= Beginning of Section =
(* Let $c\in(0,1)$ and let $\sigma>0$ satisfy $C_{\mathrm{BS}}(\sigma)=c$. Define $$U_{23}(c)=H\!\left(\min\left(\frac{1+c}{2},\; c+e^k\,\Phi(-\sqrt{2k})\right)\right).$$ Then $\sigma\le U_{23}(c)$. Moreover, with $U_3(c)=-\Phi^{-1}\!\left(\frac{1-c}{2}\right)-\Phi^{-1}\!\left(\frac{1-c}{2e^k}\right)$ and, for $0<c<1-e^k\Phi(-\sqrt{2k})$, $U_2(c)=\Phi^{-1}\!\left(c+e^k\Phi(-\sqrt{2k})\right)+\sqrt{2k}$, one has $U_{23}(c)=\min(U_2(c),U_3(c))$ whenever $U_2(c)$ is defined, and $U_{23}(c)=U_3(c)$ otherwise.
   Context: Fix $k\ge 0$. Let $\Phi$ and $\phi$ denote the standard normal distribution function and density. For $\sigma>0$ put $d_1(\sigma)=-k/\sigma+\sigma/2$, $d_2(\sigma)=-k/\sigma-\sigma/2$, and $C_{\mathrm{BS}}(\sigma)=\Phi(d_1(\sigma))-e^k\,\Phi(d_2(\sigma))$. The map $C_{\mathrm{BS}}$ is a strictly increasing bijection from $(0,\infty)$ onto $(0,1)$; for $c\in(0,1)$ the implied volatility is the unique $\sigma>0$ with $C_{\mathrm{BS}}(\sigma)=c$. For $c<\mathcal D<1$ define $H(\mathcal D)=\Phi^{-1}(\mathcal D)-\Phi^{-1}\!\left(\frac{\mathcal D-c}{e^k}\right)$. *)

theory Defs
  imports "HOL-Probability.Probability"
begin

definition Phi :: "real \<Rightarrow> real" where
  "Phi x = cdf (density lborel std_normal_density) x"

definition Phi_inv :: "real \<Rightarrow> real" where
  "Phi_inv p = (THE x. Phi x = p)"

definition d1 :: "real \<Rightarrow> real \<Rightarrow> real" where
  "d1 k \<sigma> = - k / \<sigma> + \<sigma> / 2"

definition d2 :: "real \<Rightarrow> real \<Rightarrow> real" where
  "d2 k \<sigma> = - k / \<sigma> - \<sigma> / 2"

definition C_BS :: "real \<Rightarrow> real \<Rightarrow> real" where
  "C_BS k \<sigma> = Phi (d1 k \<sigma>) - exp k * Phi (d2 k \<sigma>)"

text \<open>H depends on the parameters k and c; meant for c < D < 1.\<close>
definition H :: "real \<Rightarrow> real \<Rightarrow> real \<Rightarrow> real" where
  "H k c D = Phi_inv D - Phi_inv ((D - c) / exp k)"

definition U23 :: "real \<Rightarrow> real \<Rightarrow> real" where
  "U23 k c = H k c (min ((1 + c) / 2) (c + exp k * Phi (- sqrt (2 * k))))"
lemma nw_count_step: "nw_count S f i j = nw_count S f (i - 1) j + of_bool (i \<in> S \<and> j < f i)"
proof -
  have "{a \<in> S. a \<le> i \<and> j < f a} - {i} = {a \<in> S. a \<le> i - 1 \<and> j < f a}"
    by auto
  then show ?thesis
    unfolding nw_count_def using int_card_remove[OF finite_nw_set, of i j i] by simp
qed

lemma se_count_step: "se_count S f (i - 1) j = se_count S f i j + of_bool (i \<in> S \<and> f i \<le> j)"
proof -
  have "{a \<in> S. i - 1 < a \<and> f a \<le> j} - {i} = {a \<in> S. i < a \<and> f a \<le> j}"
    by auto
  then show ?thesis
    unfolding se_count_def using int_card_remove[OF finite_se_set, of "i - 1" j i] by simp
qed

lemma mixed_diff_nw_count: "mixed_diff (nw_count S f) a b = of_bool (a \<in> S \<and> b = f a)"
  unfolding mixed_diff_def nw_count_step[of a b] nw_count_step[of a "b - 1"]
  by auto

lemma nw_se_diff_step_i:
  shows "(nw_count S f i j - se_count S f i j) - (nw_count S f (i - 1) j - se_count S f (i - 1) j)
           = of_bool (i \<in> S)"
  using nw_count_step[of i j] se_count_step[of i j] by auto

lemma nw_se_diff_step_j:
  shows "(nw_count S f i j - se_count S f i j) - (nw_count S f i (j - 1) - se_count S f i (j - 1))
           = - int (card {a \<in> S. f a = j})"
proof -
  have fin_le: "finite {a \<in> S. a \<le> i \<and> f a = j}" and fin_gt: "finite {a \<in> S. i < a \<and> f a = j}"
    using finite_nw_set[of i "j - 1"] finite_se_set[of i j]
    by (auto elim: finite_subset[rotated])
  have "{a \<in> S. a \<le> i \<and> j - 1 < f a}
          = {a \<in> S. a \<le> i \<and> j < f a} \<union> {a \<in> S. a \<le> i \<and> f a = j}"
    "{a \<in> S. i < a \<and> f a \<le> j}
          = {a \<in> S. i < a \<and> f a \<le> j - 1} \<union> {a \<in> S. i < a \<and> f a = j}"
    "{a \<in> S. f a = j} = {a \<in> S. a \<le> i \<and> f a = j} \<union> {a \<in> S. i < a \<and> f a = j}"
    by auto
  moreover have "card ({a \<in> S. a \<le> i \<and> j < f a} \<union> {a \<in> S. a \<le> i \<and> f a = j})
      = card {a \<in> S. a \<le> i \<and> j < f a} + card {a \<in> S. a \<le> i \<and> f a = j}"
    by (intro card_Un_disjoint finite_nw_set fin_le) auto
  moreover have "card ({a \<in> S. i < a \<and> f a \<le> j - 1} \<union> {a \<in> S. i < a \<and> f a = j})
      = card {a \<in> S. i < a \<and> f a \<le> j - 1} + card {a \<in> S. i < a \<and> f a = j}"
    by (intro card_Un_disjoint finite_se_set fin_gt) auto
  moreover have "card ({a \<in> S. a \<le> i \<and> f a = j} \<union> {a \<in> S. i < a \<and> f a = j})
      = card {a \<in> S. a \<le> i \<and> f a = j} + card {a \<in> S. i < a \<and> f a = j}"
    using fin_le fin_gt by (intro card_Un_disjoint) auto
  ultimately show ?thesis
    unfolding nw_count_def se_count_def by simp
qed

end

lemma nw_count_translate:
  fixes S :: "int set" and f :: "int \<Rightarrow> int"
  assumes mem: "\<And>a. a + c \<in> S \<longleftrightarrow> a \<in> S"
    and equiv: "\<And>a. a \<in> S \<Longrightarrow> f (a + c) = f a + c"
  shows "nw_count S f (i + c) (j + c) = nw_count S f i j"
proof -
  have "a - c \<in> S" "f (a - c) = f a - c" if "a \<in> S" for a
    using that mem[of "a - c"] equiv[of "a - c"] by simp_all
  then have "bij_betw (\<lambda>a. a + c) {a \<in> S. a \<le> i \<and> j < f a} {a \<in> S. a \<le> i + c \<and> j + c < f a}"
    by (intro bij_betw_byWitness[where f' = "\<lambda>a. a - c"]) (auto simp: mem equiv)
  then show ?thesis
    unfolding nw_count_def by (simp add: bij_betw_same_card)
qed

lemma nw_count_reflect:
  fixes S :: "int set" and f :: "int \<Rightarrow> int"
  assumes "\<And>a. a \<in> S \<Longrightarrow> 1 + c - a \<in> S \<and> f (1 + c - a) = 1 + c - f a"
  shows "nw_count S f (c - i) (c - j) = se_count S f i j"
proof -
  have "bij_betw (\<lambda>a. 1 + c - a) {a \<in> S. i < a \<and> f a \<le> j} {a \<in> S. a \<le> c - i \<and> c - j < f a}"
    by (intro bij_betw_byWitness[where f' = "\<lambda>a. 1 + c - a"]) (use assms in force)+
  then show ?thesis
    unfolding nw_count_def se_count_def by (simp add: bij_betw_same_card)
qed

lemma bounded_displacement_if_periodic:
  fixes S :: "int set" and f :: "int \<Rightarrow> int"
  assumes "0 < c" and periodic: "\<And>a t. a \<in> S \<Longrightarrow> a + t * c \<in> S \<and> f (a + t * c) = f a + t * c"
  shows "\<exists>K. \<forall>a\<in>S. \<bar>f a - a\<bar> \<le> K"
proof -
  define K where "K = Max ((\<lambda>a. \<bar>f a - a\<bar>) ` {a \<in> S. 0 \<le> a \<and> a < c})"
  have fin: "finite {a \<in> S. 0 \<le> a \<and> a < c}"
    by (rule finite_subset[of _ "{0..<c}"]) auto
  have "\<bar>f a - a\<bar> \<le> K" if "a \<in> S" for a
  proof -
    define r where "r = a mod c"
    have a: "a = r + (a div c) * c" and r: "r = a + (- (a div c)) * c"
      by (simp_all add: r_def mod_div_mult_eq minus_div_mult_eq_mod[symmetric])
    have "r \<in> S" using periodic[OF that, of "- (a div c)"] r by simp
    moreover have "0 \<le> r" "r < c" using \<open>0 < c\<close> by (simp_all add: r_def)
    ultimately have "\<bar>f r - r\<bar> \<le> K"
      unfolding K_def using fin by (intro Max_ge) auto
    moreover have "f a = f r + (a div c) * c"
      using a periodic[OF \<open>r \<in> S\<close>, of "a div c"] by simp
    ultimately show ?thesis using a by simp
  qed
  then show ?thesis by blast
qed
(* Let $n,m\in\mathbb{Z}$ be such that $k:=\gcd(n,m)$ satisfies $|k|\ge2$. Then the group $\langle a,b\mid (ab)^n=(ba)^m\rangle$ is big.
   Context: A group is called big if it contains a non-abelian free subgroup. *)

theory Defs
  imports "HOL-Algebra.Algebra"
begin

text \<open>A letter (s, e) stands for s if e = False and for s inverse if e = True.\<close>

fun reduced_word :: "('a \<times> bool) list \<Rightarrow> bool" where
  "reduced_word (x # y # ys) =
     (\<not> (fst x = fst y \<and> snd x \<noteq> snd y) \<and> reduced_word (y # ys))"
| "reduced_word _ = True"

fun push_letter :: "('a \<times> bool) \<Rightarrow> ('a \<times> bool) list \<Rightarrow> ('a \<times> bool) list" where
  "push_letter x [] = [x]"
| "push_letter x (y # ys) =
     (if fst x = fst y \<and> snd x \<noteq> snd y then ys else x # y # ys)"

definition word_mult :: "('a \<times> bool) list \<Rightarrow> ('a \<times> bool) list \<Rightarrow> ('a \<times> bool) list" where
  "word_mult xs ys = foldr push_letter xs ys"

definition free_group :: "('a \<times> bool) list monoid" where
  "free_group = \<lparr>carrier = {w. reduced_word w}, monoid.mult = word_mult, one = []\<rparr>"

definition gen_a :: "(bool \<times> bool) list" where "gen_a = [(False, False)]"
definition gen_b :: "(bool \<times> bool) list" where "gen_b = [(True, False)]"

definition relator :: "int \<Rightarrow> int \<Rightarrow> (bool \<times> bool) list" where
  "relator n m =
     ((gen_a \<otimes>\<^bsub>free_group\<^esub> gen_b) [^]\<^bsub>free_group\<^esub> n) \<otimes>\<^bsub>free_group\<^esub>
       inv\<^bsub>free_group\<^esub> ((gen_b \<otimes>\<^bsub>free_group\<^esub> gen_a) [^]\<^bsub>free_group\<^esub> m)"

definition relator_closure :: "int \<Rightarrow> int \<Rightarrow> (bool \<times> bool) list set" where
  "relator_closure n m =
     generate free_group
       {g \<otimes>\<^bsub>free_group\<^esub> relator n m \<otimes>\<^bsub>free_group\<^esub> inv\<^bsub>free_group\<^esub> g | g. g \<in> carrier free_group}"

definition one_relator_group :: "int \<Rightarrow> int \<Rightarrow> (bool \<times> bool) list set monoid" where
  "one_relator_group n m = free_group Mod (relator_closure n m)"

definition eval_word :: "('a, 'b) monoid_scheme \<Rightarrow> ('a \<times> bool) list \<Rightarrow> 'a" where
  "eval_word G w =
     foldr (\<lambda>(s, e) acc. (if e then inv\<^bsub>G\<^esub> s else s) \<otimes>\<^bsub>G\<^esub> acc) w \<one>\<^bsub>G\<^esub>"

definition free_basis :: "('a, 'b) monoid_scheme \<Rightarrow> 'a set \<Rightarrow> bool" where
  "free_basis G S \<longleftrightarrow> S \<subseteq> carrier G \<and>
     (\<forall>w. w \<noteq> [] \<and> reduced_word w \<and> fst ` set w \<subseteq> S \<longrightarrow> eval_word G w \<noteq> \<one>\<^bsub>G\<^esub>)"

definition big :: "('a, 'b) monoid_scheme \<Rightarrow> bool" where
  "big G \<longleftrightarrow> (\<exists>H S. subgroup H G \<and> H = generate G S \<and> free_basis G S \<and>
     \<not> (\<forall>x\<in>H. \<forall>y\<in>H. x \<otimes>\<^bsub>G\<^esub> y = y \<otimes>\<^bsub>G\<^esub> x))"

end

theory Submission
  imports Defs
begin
= End of Section =
> ABOUT THIS EXERCISE: Pick out all lines from the data above in which the word "False" appears.

> OUTPUT:
text \<open>A letter (s, e) stands for s if e = False and for s inverse if e = True.\<close>
definition gen_a :: "(bool \<times> bool) list" where "gen_a = [(False, False)]"
definition gen_b :: "(bool \<times> bool) list" where "gen_b = [(True, False)]"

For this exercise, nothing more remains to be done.